What 680,000 toy cars tell you about interest rate pain

Woolworths CEO Brad Banducci says mortgagees and renters are hurting. But Wednesday’s inflation surprise leaves the Reserve Bank facing the prospect of lifting rates multiple times.  

Updated

After weeks of talking tough, Reserve Bank governor Michele Bullock appears to have little choice but to raise interest rates next month after the September quarter inflation data delivered a nasty surprise.

While trimmed mean annual inflation eased from 6 per cent to 5.9 per cent in September, that 1.2 per cent quarterly reading means the RBA’s inflation forecasts look completely unrealistic. The central bank expected the mean inflation to be back to 4 per cent by the end of December, but that would require the December-quarter reading to plummet to 0.6 per cent.
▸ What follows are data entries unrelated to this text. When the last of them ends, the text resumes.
(* Let $m,n\in\mathbb{N}$ and let $\psi:\mathbb{F}[X]^m\to\{k^r:r\in\mathbb{Z}\}\cup\{0\}$ satisfy $\psi(\mathbf{q})\le1$ for all $\mathbf{q}$ and $\psi(\mathbf{q})>0$ for infinitely many $\mathbf{q}$. Then $$\min\{\delta(\psi),n\}\ge\min\{\eta(\psi),n\}.$$
   Context: $\mathbb{F}$ is a finite field with $k$ elements; for $\mathbf{q}\in\mathbb{F}[X]^m$, $|\mathbf{q}|_\infty=\max_i k^{\deg q_i}$. $\eta(\psi)=\inf\{\eta\in\mathbb{R}:\sum_{\mathbf{q}\in\mathbb{F}[X]^m\setminus\{0\}}|\mathbf{q}|_\infty^n(\psi(\mathbf{q})/|\mathbf{q}|_\infty)^\eta<\infty\}$. For $N>0$ and $v>0$: $C(N,v;\psi)=\#\{\mathbf{q}\in\mathbb{F}[X]^m\setminus\{0\}:|\mathbf{q}|_\infty\le N,\ \psi(\mathbf{q})\ge|\mathbf{q}|_\infty^{-v}\}$; when $C(N,v;\psi)\to\infty$, $\gamma(v;\psi)=\sup\{\gamma\in\mathbb{R}:\limsup_{N\to\infty}C(N,v;\psi)N^{-\gamma}>0\}$; $\delta(v;\psi)=\frac{n+\gamma(v;\psi)}{v+1}$ if $C(N,v;\psi)\to\infty$ as $N\to\infty$, and $\delta(v;\psi)=0$ otherwise; $\delta(\psi)=\sup_{v\ge0}\delta(v;\psi)$. *)

theory Defs
  imports "HOL-Analysis.Analysis" "HOL-Computational_Algebra.Polynomial" "HOL-Library.Extended_Real"
begin

definition pabs :: "'a::{finite,field} poly \<Rightarrow> real" where
  "pabs p = (if p = 0 then 0 else real CARD('a) ^ degree p)"

definition vnorm :: "('a::{finite,field} poly ^ 'm::finite) \<Rightarrow> real" where
  "vnorm q = Max (range (\<lambda>i. pabs (q $ i)))"

definition eta_exp :: "nat \<Rightarrow> (('a::{finite,field} poly ^ 'm::finite) \<Rightarrow> real) \<Rightarrow> ereal" where
  "eta_exp n \<psi> = Inf (ereal ` {e::real.
      (\<lambda>q. vnorm q ^ n * (\<psi> q / vnorm q) powr e) summable_on (UNIV - {0})})"

definition count_C :: "real \<Rightarrow> real \<Rightarrow> (('a::{finite,field} poly ^ 'm::finite) \<Rightarrow> real) \<Rightarrow> nat" where
  "count_C N v \<psi> = card {q. q \<noteq> 0 \<and> vnorm q \<le> N \<and> \<psi> q \<ge> vnorm q powr (- v)}"

definition gamma_exp :: "real \<Rightarrow> (('a::{finite,field} poly ^ 'm::finite) \<Rightarrow> real) \<Rightarrow> ereal" where
  "gamma_exp v \<psi> = Sup (ereal ` {g::real.
      Limsup at_top (\<lambda>N::real. ereal (real (count_C N v \<psi>) * N powr (- g))) > 0})"

definition delta_v :: "nat \<Rightarrow> real \<Rightarrow> (('a::{finite,field} poly ^ 'm::finite) \<Rightarrow> real) \<Rightarrow> ereal" where
  "delta_v n v \<psi> =
     (if filterlim (\<lambda>N::real. real (count_C N v \<psi>)) at_top at_top
      then (ereal (real n) + gamma_exp v \<psi>) / ereal (v + 1) else 0)"

definition delta_exp :: "nat \<Rightarrow> (('a::{finite,field} poly ^ 'm::finite) \<Rightarrow> real) \<Rightarrow> ereal" where
  "delta_exp n \<psi> = (SUP v\<in>{0::real..}. delta_v n v \<psi>)"

end

theory Submission
  imports Defs
begin
(* Let $A\in\mathbb{C}^{m\times m}$ be diagonalizable with spectral decomposition $A=\sum_j a_jP_j$ (distinct eigenvalues, spectral projections $P_iP_j=\delta_{ij}P_i$, $\sum_jP_j=I_m$), and suppose $e^A$ has a period $k$, i.e. $k$ is the smallest positive integer with $(e^A)^k=I_m$. Let $n$ be a positive integer, written $n=kn_q+r$ with quotient $n_q$ and remainder $0\le r<k$. Then, for $B\in\mathbb{C}^{m\times m}$ with $A+B$ diagonalizable, as $B\to0$, $$\left[e^{A+B}\right]^n=e^{\,rA+r\cdot\mathrm{sspc}_A(B)+n\cdot\mathrm{ssp}_A(B)}+O(\|B\|^2).$$
   Context: $\|\cdot\|$ is the Frobenius norm. $\mathrm{ssp}_A(B):=\sum_jP_jBP_j$ and $\mathrm{sspc}_A(B):=\sum_{j\neq k}P_jBP_k$, where $P_j$ are the spectral projections of $A$. "$=\ldots+O(\|B\|^2)$" means there exist $c,\delta>0$ (depending on $A$ and $n$) such that the norm of the difference is at most $c\|B\|^2$ whenever $\|B\|\le\delta$ and $A+B$ is diagonalizable. *)

theory Defs
  imports "HOL-Analysis.Analysis"
begin

text \<open>Complex m x m matrices are represented as complex^'m^'m (HOL-Analysis);
  the product is matrix multiplication (**), the identity is mat 1, and the
  library norm on this type is the Frobenius norm.\<close>

primrec mpow :: "complex^'m^'m \<Rightarrow> nat \<Rightarrow> complex^'m^'m" where
  "mpow M 0 = mat 1"
| "mpow M (Suc k) = M ** mpow M k"

definition mexp :: "complex^'m^'m \<Rightarrow> complex^'m^'m" where
  "mexp M = (\<Sum>k. (1 / fact k) *\<^sub>R mpow M k)"

definition csmult :: "complex \<Rightarrow> complex^'m^'m \<Rightarrow> complex^'m^'m" where
  "csmult c M = (\<chi> i j. c * M $ i $ j)"
(* For a connected scalar Feynman graph $G$ with $n+1$ vertices ($n\ge1$) and $I$ internal lines, the function $D_R(p,E,T)$ produced by the OFPT-rules satisfies $$D_R(p,E,T)=\hat O(E,T)\,D_0(p,E),\qquad \hat O(E,T)=\sum_{J}\ \prod_{j\in J}n(E_j)\,(1+\mathcal{S}_j),$$ where the sum runs over all subsets $J\subseteq\{1,\dots,I\}$ (including $J=\emptyset$, contributing the identity) such that the graph obtained from $G$ by deleting all internal lines in $J$ is still connected (such $J$ have at most $L=I-n$ elements).
   Context: Setting: $T>0$, $n(E)=(e^{E/T}-1)^{-1}$. Each external line $l$ of $G$ carries a real Euclidean 4-vector $(p_l,\mathbf p_l)$ and is assigned energy $ip_l$; each internal line $i$ carries 3-momentum $\mathbf k_i$ and is assigned energy $E_i=(\mathbf k_i^2+m_i^2)^{1/2}$. OFPT-rules: (b) fix a time direction and consider all $(n+1)!$ orderings of the vertices along it. (c) For each time-ordered graph consider, besides itself, all connected graphs obtained by snipping any set of internal lines; a snipped line $i$ becomes a pair of "thermal legs" attached at its two endpoint vertices, both carrying energy $E_i$, one oriented incoming and the other outgoing; both orientations are considered, each giving a different diagram. (d) For such a diagram, a thermal pair is called external if its incoming leg joins the diagram (in the time ordering) before its outgoing partner, and internal otherwise. Let $E_{inc}$ be the sum of all incoming external energies plus the energies of the incoming legs of all external thermal pairs. The diagram's value is the product of: for each of the $n$ vertical cuts between consecutive time-ordered vertices, a factor $1/(E_{inc}-E_{cut})$, where $E_{cut}$ is the sum of the energies of all lines crossing the cut (as in zero-temperature time-ordered perturbation theory) plus the energies of all internal thermal pairs whose originating internal line would have crossed the cut; a factor $n(E_i)$ for each thermal pair; and an overall factor $(-1)^n$. (e) $D_R(p,E,T)$ is the sum of these values over all diagrams in (c). $D_0(p,E):=D_R(p,E,0)$, i.e. the sum over the unsnipped time-ordered diagrams with the weights of rule (d) (the zero-temperature Euclidean $D$-function computed by old-fashioned perturbation theory), regarded as a function of independent variables $E_1,\dots,E_I$. $\mathcal{S}_j$ is the reflection $E_j\mapsto -E_j$ acting on $D_0$; the factors $n(E_j)$ are multiplicative constants. *)

theory Defs
  imports "HOL-Analysis.Analysis" "HOL-Combinatorics.Permutations" "HOL-Library.FuncSet"
begin

text \<open>A scalar Feynman graph: vertices 0..nv (so nv = n, i.e. n+1 vertices),
  internal lines 0..<nl (I lines) with endpoints src/tgt (the orientation of a
  line is only a labelling of its two endpoints), external lines 0..<nex, line l
  attached to vertex exv l.  All external lines are taken as incoming with
  energy i*p_l (an outgoing line is an incoming one with reversed momentum).\<close>

record fgraph =
  nv  :: nat
  nl  :: nat
  src :: "nat \<Rightarrow> nat"
  tgt :: "nat \<Rightarrow> nat"
  nex :: nat
  exv :: "nat \<Rightarrow> nat"

definition well_formed :: "fgraph \<Rightarrow> bool" where
  "well_formed G \<longleftrightarrow> 1 \<le> nv G \<and>
     (\<forall>i<nl G. src G i \<le> nv G \<and> tgt G i \<le> nv G) \<and>
     (\<forall>l<nex G. exv G l \<le> nv G)"

definition bose :: "real \<Rightarrow> real \<Rightarrow> real" where
  "bose T x = 1 / (exp (x / T) - 1)"

definition adj :: "fgraph \<Rightarrow> nat set \<Rightarrow> nat \<Rightarrow> nat \<Rightarrow> bool" where
  "adj G S a b \<longleftrightarrow> (\<exists>i\<in>S. (src G i = a \<and> tgt G i = b) \<or> (src G i = b \<and> tgt G i = a))"

definition connected_lines :: "fgraph \<Rightarrow> nat set \<Rightarrow> bool" where
  "connected_lines G S \<longleftrightarrow> (\<forall>a\<le>nv G. \<forall>b\<le>nv G. (adj G S)\<^sup>*\<^sup>* a b)"

definition admissible :: "fgraph \<Rightarrow> nat set set" where
  "admissible G = {J. J \<subseteq> {..<nl G} \<and> connected_lines G ({..<nl G} - J)}"

text \<open>Time orderings: \<pi> v is the position of vertex v; all (n+1)! of them.\<close>
definition orderings :: "fgraph \<Rightarrow> (nat \<Rightarrow> nat) set" where
  "orderings G = {\<pi>. \<pi> permutes {..nv G}}"

text \<open>Cut k (k < n) separates positions 0..k from k+1..n.\<close>
definition crosses :: "fgraph \<Rightarrow> (nat \<Rightarrow> nat) \<Rightarrow> nat \<Rightarrow> nat \<Rightarrow> bool" where
  "crosses G \<pi> k i \<longleftrightarrow> ((\<pi> (src G i) \<le> k) \<noteq> (\<pi> (tgt G i) \<le> k))"

text \<open>Orientation ori j of a snipped line j: True = incoming leg at src, outgoing at tgt.\<close>
definition in_v :: "fgraph \<Rightarrow> (nat \<Rightarrow> bool) \<Rightarrow> nat \<Rightarrow> nat" where
  "in_v G ori j = (if ori j then src G j else tgt G j)"

definition out_v :: "fgraph \<Rightarrow> (nat \<Rightarrow> bool) \<Rightarrow> nat \<Rightarrow> nat" where
  "out_v G ori j = (if ori j then tgt G j else src G j)"

text \<open>External thermal pair: incoming leg joins strictly before its outgoing partner.\<close>
definition ext_pair :: "fgraph \<Rightarrow> (nat \<Rightarrow> nat) \<Rightarrow> (nat \<Rightarrow> bool) \<Rightarrow> nat \<Rightarrow> bool" where
  "ext_pair G \<pi> ori j \<longleftrightarrow> \<pi> (in_v G ori j) < \<pi> (out_v G ori j)"

definition E_inc :: "fgraph \<Rightarrow> (nat \<Rightarrow> real \<times> (real^3)) \<Rightarrow> (nat \<Rightarrow> real)
    \<Rightarrow> (nat \<Rightarrow> nat) \<Rightarrow> nat set \<Rightarrow> (nat \<Rightarrow> bool) \<Rightarrow> complex" where
  "E_inc G p E \<pi> J ori =
     (\<Sum>l<nex G. \<i> * of_real (fst (p l))) +
     (\<Sum>j\<in>{j\<in>J. ext_pair G \<pi> ori j}. of_real (E j))"

text \<open>Energy of all lines crossing cut k: unsnipped internal lines crossing the cut,
  internal thermal pairs whose original line crosses the cut, external lines not yet
  absorbed, and legs of external thermal pairs (incoming legs not yet absorbed,
  outgoing legs already emitted), exactly as external lines in time-ordered PT.\<close>
definition E_cut :: "fgraph \<Rightarrow> (nat \<Rightarrow> real \<times> (real^3)) \<Rightarrow> (nat \<Rightarrow> real)
    \<Rightarrow> (nat \<Rightarrow> nat) \<Rightarrow> nat set \<Rightarrow> (nat \<Rightarrow> bool) \<Rightarrow> nat \<Rightarrow> complex" where
  "E_cut G p E \<pi> J ori k =
     (\<Sum>i\<in>{i\<in>{..<nl G} - J. crosses G \<pi> k i}. of_real (E i)) +
     (\<Sum>j\<in>{j\<in>J. \<not> ext_pair G \<pi> ori j \<and> crosses G \<pi> k j}. of_real (E j)) +
     (\<Sum>l\<in>{l\<in>{..<nex G}. k < \<pi> (exv G l)}. \<i> * of_real (fst (p l))) +
     (\<Sum>j\<in>{j\<in>J. ext_pair G \<pi> ori j \<and> k < \<pi> (in_v G ori j)}. of_real (E j)) +
     (\<Sum>j\<in>{j\<in>J. ext_pair G \<pi> ori j \<and> \<pi> (out_v G ori j) \<le> k}. of_real (E j))"

definition denom_part :: "fgraph \<Rightarrow> (nat \<Rightarrow> real \<times> (real^3)) \<Rightarrow> (nat \<Rightarrow> real)
    \<Rightarrow> (nat \<Rightarrow> nat) \<Rightarrow> nat set \<Rightarrow> (nat \<Rightarrow> bool) \<Rightarrow> complex" where
  "denom_part G p E \<pi> J ori =
     (-1) ^ nv G * (\<Prod>k<nv G. 1 / (E_inc G p E \<pi> J ori - E_cut G p E \<pi> J ori k))"

definition diag_value :: "fgraph \<Rightarrow> (nat \<Rightarrow> real \<times> (real^3)) \<Rightarrow> (nat \<Rightarrow> real) \<Rightarrow> real
    \<Rightarrow> (nat \<Rightarrow> nat) \<Rightarrow> nat set \<Rightarrow> (nat \<Rightarrow> bool) \<Rightarrow> complex" where
  "diag_value G p E T \<pi> J ori =
     denom_part G p E \<pi> J ori * of_real (\<Prod>j\<in>J. bose T (E j))"

definition D_R :: "fgraph \<Rightarrow> (nat \<Rightarrow> real \<times> (real^3)) \<Rightarrow> (nat \<Rightarrow> real) \<Rightarrow> real \<Rightarrow> complex" where
  "D_R G p E T =
     (\<Sum>\<pi>\<in>orderings G. \<Sum>J\<in>admissible G. \<Sum>ori\<in>J \<rightarrow>\<^sub>E (UNIV :: bool set).
        diag_value G p E T \<pi> J ori)"

text \<open>D_0: sum over the unsnipped time-ordered diagrams, as a function of independent
  real energy variables E.\<close>
definition D_0 :: "fgraph \<Rightarrow> (nat \<Rightarrow> real \<times> (real^3)) \<Rightarrow> (nat \<Rightarrow> real) \<Rightarrow> complex" where
  "D_0 G p E = (\<Sum>\<pi>\<in>orderings G. denom_part G p E \<pi> {} (\<lambda>_. False))"

definition reflect :: "nat set \<Rightarrow> (nat \<Rightarrow> real) \<Rightarrow> (nat \<Rightarrow> real)" where
  "reflect K E = (\<lambda>i. if i \<in> K then - E i else E i)"

text \<open>The operator O(E,T) applied to a function f of the energy variables:
  \<Prod>_{j\<in>J} n(E_j)(1+S_j) f = (\<Prod>_{j\<in>J} n(E_j)) \<Sum>_{K\<subseteq>J} f \<circ> S_K,
  the n(E_j) being constants evaluated at the unreflected energies.\<close>
definition O_hat :: "fgraph \<Rightarrow> (nat \<Rightarrow> real) \<Rightarrow> real \<Rightarrow> ((nat \<Rightarrow> real) \<Rightarrow> complex) \<Rightarrow> complex" where
  "O_hat G E T f =
     (\<Sum>J\<in>admissible G. of_real (\<Prod>j\<in>J. bose T (E j)) * (\<Sum>K\<in>Pow J. f (reflect K E)))"

end

(*
  A snipped line j with an internal thermal pair enters every cut its line crossed with
  energy E_j, exactly as the unsnipped line does.  An external pair adds E_j to E_inc and
  to every cut outside the interval between its two legs, so E_inc - E_cut changes as if
  the line carried energy -E_j.  Hence every diagram has the denominators of the unsnipped
  time-ordered diagram with E reflected on its external pairs.  For a line that is not a
  loop exactly one of the two orientations makes the pair external, so orientations of J
  correspond to subsets K of J; a loop crosses no cut, so reflecting it changes nothing.
*)
theory Submission
  imports Defs
begin

lemma bij_betw_PiE_bool_Pow:
  "bij_betw (\<lambda>ori. {j\<in>J. ori j = c j}) (J \<rightarrow>\<^sub>E (UNIV :: bool set)) (Pow J)"
proof (rule bij_betw_byWitness[where f' = "\<lambda>K. \<lambda>j\<in>J. (j \<in> K) = c j"])
  show "\<forall>ori\<in>J \<rightarrow>\<^sub>E UNIV. (\<lambda>j\<in>J. (j \<in> {j\<in>J. ori j = c j}) = c j) = ori"
    by (auto simp: PiE_iff fun_eq_iff)
qed auto

lemma E_inc_minus_E_cut_reflect_external:
  fixes E :: "nat \<Rightarrow> real" and \<pi> :: "nat \<Rightarrow> nat" and ori :: "nat \<Rightarrow> bool"
  assumes J: "J \<subseteq> {..<nl G}"
  defines "E' \<equiv> reflect {j\<in>J. ext_pair G \<pi> ori j} E"
  shows "E_inc G p E \<pi> J ori - E_cut G p E \<pi> J ori k
       = E_inc G p E' \<pi> {} (\<lambda>_. False) - E_cut G p E' \<pi> {} (\<lambda>_. False) k"
proof -
  define N where "N = {..<nl G}"
  have over_lines: "(\<Sum>j\<in>{j\<in>B. P j}. f j) = (\<Sum>i\<in>N. if i \<in> B \<and> P i then f i else 0)"
    if "B \<subseteq> N" for B P and f :: "nat \<Rightarrow> complex"
  proof -
    have "{i\<in>N. i \<in> B \<and> P i} = {j\<in>B. P j}"
      using that by auto
    then show ?thesis
      using sum.inter_filter[of N f "\<lambda>i. i \<in> B \<and> P i"] by (simp add: N_def)
  qed
  have "J \<subseteq> N" "N - J \<subseteq> N" "N \<subseteq> N" using J by (auto simp: N_def)
  note lines = this[THEN over_lines]
  let ?ext = "ext_pair G \<pi> ori" and ?cr = "crosses G \<pi> k"
  have pointwise: "(if i \<in> N \<and> ?cr i then complex_of_real (E' i) else 0)
      = (if i \<in> N - J \<and> ?cr i then complex_of_real (E i) else 0)
      + (if i \<in> J \<and> \<not> ?ext i \<and> ?cr i then complex_of_real (E i) else 0)
      - (if i \<in> J \<and> ?ext i then complex_of_real (E i) else 0)
      + (if i \<in> J \<and> ?ext i \<and> k < \<pi> (in_v G ori i) then complex_of_real (E i) else 0)
      + (if i \<in> J \<and> ?ext i \<and> \<pi> (out_v G ori i) \<le> k then complex_of_real (E i) else 0)" for i
    using J unfolding E'_def reflect_def crosses_def ext_pair_def in_v_def out_v_def N_def
    by (cases "ori i") auto
  show ?thesis
    unfolding E_inc_def E_cut_def N_def[symmetric] Diff_empty
    by (simp only: lines pointwise sum.distrib sum_subtractf) (simp add: algebra_simps)
qed

lemma denom_part_reflect_external:
  assumes "J \<subseteq> {..<nl G}"
  shows "denom_part G p E \<pi> J ori
       = denom_part G p (reflect {j\<in>J. ext_pair G \<pi> ori j} E) \<pi> {} (\<lambda>_. False)"
  unfolding denom_part_def using E_inc_minus_E_cut_reflect_external[OF assms] by simp

lemma denom_part_unsnipped_cong:
  assumes "\<And>i. i < nl G \<Longrightarrow> src G i \<noteq> tgt G i \<Longrightarrow> E i = E' i"
  shows "denom_part G p E \<pi> {} ori = denom_part G p E' \<pi> {} ori'"
proof -
  have "src G i \<noteq> tgt G i" if "crosses G \<pi> k i" for k i
    using that by (auto simp: crosses_def)
  with assms show ?thesis
    by (auto simp: denom_part_def E_inc_def E_cut_def intro!: prod.cong sum.cong)
qed

lemma ext_pair_iff_orientation:
  assumes "\<pi> (src G j) \<noteq> \<pi> (tgt G j)"
  shows "ext_pair G \<pi> ori j \<longleftrightarrow> ori j = (\<pi> (src G j) < \<pi> (tgt G j))"
  using assms by (auto simp: ext_pair_def in_v_def out_v_def)

lemma sum_orientations_denom_part:
  assumes wf: "well_formed G" and \<pi>: "\<pi> \<in> orderings G" and J: "J \<subseteq> {..<nl G}"
  shows "(\<Sum>ori\<in>J \<rightarrow>\<^sub>E (UNIV :: bool set). denom_part G p E \<pi> J ori)
       = (\<Sum>K\<in>Pow J. denom_part G p (reflect K E) \<pi> {} (\<lambda>_. False))"
proof -
  define g where "g K = denom_part G p (reflect K E) \<pi> {} (\<lambda>_. False)" for K
  define c where "c j = (\<pi> (src G j) < \<pi> (tgt G j))" for j
  have "g {j\<in>J. ext_pair G \<pi> ori j} = g {j\<in>J. ori j = c j}" for ori
    unfolding g_def
  proof (rule denom_part_unsnipped_cong)
    fix i assume i: "i < nl G" "src G i \<noteq> tgt G i"
    have "inj_on \<pi> {..nv G}"
      using \<pi> by (auto simp: orderings_def permutes_inj_on)
    with i wf have "\<pi> (src G i) \<noteq> \<pi> (tgt G i)"
      by (auto simp: well_formed_def dest: inj_onD)
    then show "reflect {j\<in>J. ext_pair G \<pi> ori j} E i = reflect {j\<in>J. ori j = c j} E i"
      by (simp add: reflect_def ext_pair_iff_orientation c_def)
  qed
  then have "(\<Sum>ori\<in>J \<rightarrow>\<^sub>E UNIV. denom_part G p E \<pi> J ori)
      = (\<Sum>ori\<in>J \<rightarrow>\<^sub>E UNIV. g {j\<in>J. ori j = c j})"
    by (simp add: g_def denom_part_reflect_external[OF J])
  also have "\<dots> = (\<Sum>K\<in>Pow J. g K)"
    by (rule sum.reindex_bij_betw[OF bij_betw_PiE_bool_Pow])
  finally show ?thesis unfolding g_def .
qed

lemma D_R_eq_O_hat_D_0:
  assumes "well_formed G"
  shows "D_R G p E T = O_hat G E T (D_0 G p)"
proof -
  have "D_R G p E T = (\<Sum>\<pi>\<in>orderings G. \<Sum>J\<in>admissible G.
      of_real (\<Prod>j\<in>J. bose T (E j)) * (\<Sum>K\<in>Pow J. denom_part G p (reflect K E) \<pi> {} (\<lambda>_. False)))"
    unfolding D_R_def diag_value_def
    by (intro sum.cong refl)
      (simp add: admissible_def sum_orientations_denom_part[OF assms] flip: sum_distrib_right mult.commute)
  also have "\<dots> = O_hat G E T (D_0 G p)"
    unfolding O_hat_def D_0_def
    by (simp add: sum_distrib_left sum.swap[of _ "orderings G"])
  finally show ?thesis .
qed

theorem theorem1:
  fixes G :: fgraph and p :: "nat \<Rightarrow> real \<times> (real^3)"
    and k :: "nat \<Rightarrow> real^3" and m :: "nat \<Rightarrow> real" and T :: real
  assumes "well_formed G" and "connected_lines G {..<nl G}" and "T > 0"
  defines "E \<equiv> (\<lambda>i. sqrt ((norm (k i))\<^sup>2 + (m i)\<^sup>2))"
  shows "D_R G p E T = O_hat G E T (D_0 G p)"
  using assms(1) by (rule D_R_eq_O_hat_D_0)

end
Brad Banducci says mortgage holders are under pressure, but the pain is spreading to renters, too. David Rowe

That obviously won’t happen, not least because the RBA’s forecasts assume an oil price of $US80 a barrel, where it’s currently bouncing around $US90.

If the RBA really does have a “low tolerance for a slower return of inflation to target than currently expected”, as it said in the minutes of its October meeting, then it’s hard to see how rates don’t rise 0.25 of a percentage point to 4.35 per cent.

Is that the peak for this tightening cycle? That’s suddenly unclear, even if the hurdle for rate rises is higher at the end of a tightening cycle.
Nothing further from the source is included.